lemma finite_down_closed_eq_atLeastAtMost_card:
  fixes S :: "nat set"
  assumes "finite S" "0 \<notin> S"
    and down_closed: "\<And>j k. j \<in> S \<Longrightarrow> 1 \<le> k \<Longrightarrow> k \<le> j \<Longrightarrow> k \<in> S"
  shows "S = {1..card S}"
proof (cases "S = {}")
  case False
  have "S \<subseteq> {1..Max S}"
    using assms by (auto simp: Suc_le_eq intro: Max_ge gr0I)
  moreover have "{1..Max S} \<subseteq> S"
    using down_closed Max_in[OF \<open>finite S\<close> False] by auto
  ultimately have "S = {1..Max S}"
    by (rule antisym)
  moreover from this have "card S = Max S"
    by (metis card_atLeastAtMost diff_Suc_1)
  ultimately show ?thesis
    by simp
qed simp

lemma Hoch_max_orth_pair: "p \<in> Hoch n \<Longrightarrow> max_orth_pair (Gn_vertices n) (Gn_edge n) (fst p, snd p)"
  by (simp add: Hoch_def L_carrier_def)

lemma Hoch_subset_vertices: "p \<in> Hoch n \<Longrightarrow> fst p \<subseteq> Gn_vertices n"
  using Hoch_max_orth_pair max_orth_pairD(1) by blast

lemma Hoch_eqI:
  assumes "p \<in> Hoch n" "q \<in> Hoch n" "fst p = fst q"
  shows "p = q"
proof -
  have "snd p = snd q"
    using Hoch_max_orth_pair[OF assms(1)] Hoch_max_orth_pair[OF assms(2)] assms(3)
    by (metis max_orth_pair_snd_unique)
  with assms(3) show ?thesis
    by (simp add: prod_eq_iff)
qed

definition first_row :: "(nat \<times> nat) set \<Rightarrow> nat set" where
  "first_row X = {j. (1, j) \<in> X}"

text \<open>The edges inside the first row form a transitive tournament, so whatever blocks \<open>(1, k)\<close>
  from \<open>X\<close> also blocks every \<open>(1, j)\<close> with \<open>j > k\<close>.\<close>

lemma Hoch_first_row_down_closed:
  assumes p: "p \<in> Hoch n" and j: "(1, j) \<in> fst p" and k: "1 \<le> k" "k \<le> j"
  shows "(1, k) \<in> fst p"
proof (rule ccontr)
  let ?E = "Gn_edge n"
  note max = Hoch_max_orth_pair[OF p]
  assume k_notin: "(1, k) \<notin> fst p"
  have jV: "(1, j) \<in> Gn_vertices n"
    using Hoch_subset_vertices[OF p] j by blast
  then have kV: "(1, k) \<in> Gn_vertices n"
    using k by (simp add: Gn_vertices_def)
  have "k < j"
    using j k k_notin by (cases "k = j") auto
  then have "?E (1, j) (1, k)"
    using jV kV by (simp add: Gn_edge_def)
  then have "(1, k) \<notin> snd p"
    using max_orth_pair_no_edge[OF max j] by blast
  then obtain y where y: "y \<in> snd p" "?E (1, k) y"
    using max_orth_pair_notin_fst[OF max kV k_notin] by blast
  then have "?E (1, j) y"
    using jV \<open>k < j\<close> by (auto simp: Gn_edge_def)
  with max_orth_pair_no_edge[OF max j y(1)] show False ..
qed

lemma Hoch_first_row_subset:
  assumes "p \<in> Hoch n"
  shows "first_row (fst p) \<subseteq> {1..n}"
  using Hoch_subset_vertices[OF assms] by (auto simp: first_row_def Gn_vertices_def)

lemma Hoch_first_row:
  assumes "p \<in> Hoch n"
  shows "first_row (fst p) = {1..card (first_row (fst p))}"
proof (rule finite_down_closed_eq_atLeastAtMost_card)
  have "first_row (fst p) \<subseteq> {1..n}"
    by (rule Hoch_first_row_subset[OF assms])
  then show "finite (first_row (fst p))" "0 \<notin> first_row (fst p)"
    by (auto dest: finite_subset)
  show "k \<in> first_row (fst p)" if "j \<in> first_row (fst p)" "1 \<le> k" "k \<le> j" for j k
    using Hoch_first_row_down_closed[OF assms] that by (simp add: first_row_def)
qed

lemma Hoch_le_iff:
  assumes p: "p \<in> Hoch n" and q: "q \<in> Hoch n"
  shows "fst p \<subseteq> fst q \<longleftrightarrow>
    card (first_row (fst p)) \<le> card (first_row (fst q)) \<and>
    (\<forall>k. (2, k) \<in> fst p \<longrightarrow> (2, k) \<in> fst q)"
proof
  assume "fst p \<subseteq> fst q"
  moreover have "finite (first_row (fst q))"
    using Hoch_first_row_subset[OF q] by (rule finite_subset) simp
  ultimately show "card (first_row (fst p)) \<le> card (first_row (fst q)) \<and>
    (\<forall>k. (2, k) \<in> fst p \<longrightarrow> (2, k) \<in> fst q)"
    by (auto simp: first_row_def intro!: card_mono)
next
  assume le: "card (first_row (fst p)) \<le> card (first_row (fst q)) \<and>
    (\<forall>k. (2, k) \<in> fst p \<longrightarrow> (2, k) \<in> fst q)"
  show "fst p \<subseteq> fst q"
  proof
    fix x
    assume x: "x \<in> fst p"
    then obtain a b where "x = (a, b)" and "a = 1 \<or> a = 2"
      using Hoch_subset_vertices[OF p] by (auto simp: Gn_vertices_def)
    then consider "x = (1, b)" | "x = (2, b)"
      by blast
    then show "x \<in> fst q"
    proof cases
      case 1
      then have "b \<in> {1..card (first_row (fst p))}"
        using x Hoch_first_row[OF p] by (auto simp: first_row_def)
      then have "b \<in> first_row (fst q)"
        using le Hoch_first_row[OF q] by auto
      then show ?thesis
        using 1 by (simp add: first_row_def)
    qed (use x le in simp)
  qed
qed

definition Hoch_coords :: "(nat \<times> nat) set \<times> (nat \<times> nat) set \<Rightarrow> nat \<Rightarrow> real" where
  "Hoch_coords p i =
     (if i = 0 then real (card (first_row (fst p))) else of_bool ((2, i + 1) \<in> fst p))"

lemma Hoch_embeds_in_Rd:
  assumes "0 < n"
  shows "embeds_in_Rd (Hoch n) L_le n"
proof (rule embeds_in_RdI)
  show "p = q" if "p \<in> Hoch n" "q \<in> Hoch n" "L_le p q" "L_le q p" for p q
    using that by (intro Hoch_eqI) (auto simp: L_le_def)
next
  fix p q
  assume p: "p \<in> Hoch n" and q: "q \<in> Hoch n"
  have second_row: "2 \<le> k \<and> k \<le> n" if "(2, k) \<in> fst p" for k
    using that Hoch_subset_vertices[OF p] by (auto simp: Gn_vertices_def)
  show "L_le p q \<longleftrightarrow> (\<forall>i<n. Hoch_coords p i \<le> Hoch_coords q i)"
    unfolding L_le_def Hoch_le_iff[OF p q]
  proof safe
    fix i
    assume "card (first_row (fst p)) \<le> card (first_row (fst q))"
      and "\<forall>k. (2, k) \<in> fst p \<longrightarrow> (2, k) \<in> fst q"
    then show "Hoch_coords p i \<le> Hoch_coords q i"
      by (simp add: Hoch_coords_def)
  next
    assume coords: "\<forall>i<n. Hoch_coords p i \<le> Hoch_coords q i"
    from coords[rule_format, of 0] show "card (first_row (fst p)) \<le> card (first_row (fst q))"
      using assms by (simp add: Hoch_coords_def)
    fix k
    assume k: "(2, k) \<in> fst p"
    then have "2 \<le> k" "k \<le> n"
      using second_row by blast+
    then have "Hoch_coords p (k - 1) \<le> Hoch_coords q (k - 1)"
      using coords by simp
    with k \<open>2 \<le> k\<close> show "(2, k) \<in> fst q"
      by (simp add: Hoch_coords_def of_bool_def split: if_splits)
  qed
qed

lemma singleton_first_vertex_in_Hoch:
  assumes "1 \<le> n"
  shows "({(1, 1)}, Gn_vertices n - {(1, 1)}) \<in> Hoch n"
  unfolding Hoch_def L_carrier_def mem_Collect_eq
proof (rule max_orth_pairI)
  show "orth_pair (Gn_vertices n) (Gn_edge n) ({(1, 1)}, Gn_vertices n - {(1, 1)})"
    using assms by (auto simp: orth_pair_def Gn_edge_def Gn_vertices_def)
qed auto

lemma singleton_second_row_in_Hoch:
  assumes "2 \<le> k" "k \<le> n"
  shows "({(2, k)}, Gn_vertices n - {(2, k), (1, k)}) \<in> Hoch n"
  unfolding Hoch_def L_carrier_def mem_Collect_eq
proof (rule max_orth_pairI)
  show "orth_pair (Gn_vertices n) (Gn_edge n) ({(2, k)}, Gn_vertices n - {(2, k), (1, k)})"
    using assms by (auto simp: orth_pair_def Gn_edge_def Gn_vertices_def)
  have "(1, 1) \<in> Gn_vertices n - {(2, k), (1, k)}" "Gn_edge n (1, k) (1, 1)"
    using assms by (auto simp: Gn_edge_def Gn_vertices_def)
  then show "v \<in> Gn_vertices n - {(2, k), (1, k)} \<or>
      (\<exists>y\<in>Gn_vertices n - {(2, k), (1, k)}. Gn_edge n v y)"
    if "v \<in> Gn_vertices n" "v \<notin> {(2, k)}" for v
    using that by blast
  have "Gn_edge n (2, k) (1, k)"
    using assms by (auto simp: Gn_edge_def Gn_vertices_def)
  then show "v \<in> {(2, k)} \<or> (\<exists>x\<in>{(2, k)}. Gn_edge n x v)"
    if "v \<in> Gn_vertices n" "v \<notin> Gn_vertices n - {(2, k), (1, k)}" for v
    using that by blast
qed

lemma second_row_in_Hoch:
  assumes "1 \<le> n"
  shows "({v \<in> Gn_vertices n. fst v = 2}, {(1, 1)}) \<in> Hoch n"
  unfolding Hoch_def L_carrier_def mem_Collect_eq
proof (rule max_orth_pairI)
  show "orth_pair (Gn_vertices n) (Gn_edge n) ({v \<in> Gn_vertices n. fst v = 2}, {(1, 1)})"
    using assms by (auto simp: orth_pair_def Gn_edge_def Gn_vertices_def)
  show "v \<in> {(1, 1)} \<or> (\<exists>y\<in>{(1, 1)}. Gn_edge n v y)"
    if "v \<in> Gn_vertices n" "v \<notin> {v \<in> Gn_vertices n. fst v = 2}" for v
    using that by (auto simp: Gn_edge_def Gn_vertices_def)
  show "v \<in> {v \<in> Gn_vertices n. fst v = 2} \<or>
      (\<exists>x\<in>{v \<in> Gn_vertices n. fst v = 2}. Gn_edge n x v)"
    if v: "v \<in> Gn_vertices n" and not_11: "v \<notin> {(1, 1)}" for v
  proof -
    obtain i j where "v = (i, j)" "i = 1 \<or> i = 2" "i \<le> j" "j \<le> n"
      using v by (cases v) (auto simp: Gn_vertices_def)
    moreover from this have "(2, j) \<in> Gn_vertices n" "Gn_edge n (2, j) v" if "i = 1"
      using that not_11 by (auto simp: Gn_edge_def Gn_vertices_def)
    ultimately show ?thesis
      by (auto simp: Gn_vertices_def)
  qed
qed

lemma vertices_minus_second_row_in_Hoch:
  assumes "2 \<le> k" "k \<le> n"
  shows "(Gn_vertices n - {(2, k)}, {(2, k)}) \<in> Hoch n"
  unfolding Hoch_def L_carrier_def mem_Collect_eq
proof (rule max_orth_pairI)
  show "orth_pair (Gn_vertices n) (Gn_edge n) (Gn_vertices n - {(2, k)}, {(2, k)})"
    using assms by (auto simp: orth_pair_def Gn_edge_def Gn_vertices_def)
qed auto

lemma Hoch_not_embeds_in_Rd:
  assumes "d < n"
  shows "\<not> embeds_in_Rd (Hoch n) L_le d"
proof -
  define P :: "nat \<Rightarrow> (nat \<times> nat) set \<times> (nat \<times> nat) set"
    where "P k = (if k = 1 then ({(1, 1)}, Gn_vertices n - {(1, 1)})
      else ({(2, k)}, Gn_vertices n - {(2, k), (1, k)}))" for k
  define Q :: "nat \<Rightarrow> (nat \<times> nat) set \<times> (nat \<times> nat) set"
    where "Q k = (if k = 1 then ({v \<in> Gn_vertices n. fst v = 2}, {(1, 1)})
      else (Gn_vertices n - {(2, k)}, {(2, k)}))" for k
  show ?thesis
  proof (rule standard_example_not_embeds_in_Rd[where I = "{1..n}" and P = P and Q = Q])
    show "finite {1..n}" "d < card {1..n}"
      using assms by simp_all
    show "P k \<in> Hoch n \<and> Q k \<in> Hoch n" if k: "k \<in> {1..n}" for k
    proof (cases "k = 1")
      case True
      from k have "1 \<le> n"
        by simp
      with True show ?thesis
        using singleton_first_vertex_in_Hoch second_row_in_Hoch by (simp add: P_def Q_def)
    next
      case False
      with k have "2 \<le> k" "k \<le> n"
        by auto
      with False show ?thesis
        using singleton_second_row_in_Hoch vertices_minus_second_row_in_Hoch
        by (simp add: P_def Q_def)
    qed
    show "L_le (P j) (Q i)" if "i \<in> {1..n}" "j \<in> {1..n}" "i \<noteq> j" for i j
      using that by (auto simp: P_def Q_def L_le_def Gn_vertices_def)
    show "\<not> L_le (P k) (Q k)" if "k \<in> {1..n}" for k
      using that by (simp add: P_def Q_def L_le_def)
  qed
qed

### Problem
State how many lines of the records above contain "assumes", with no words besides the number.

### Exercise solution
12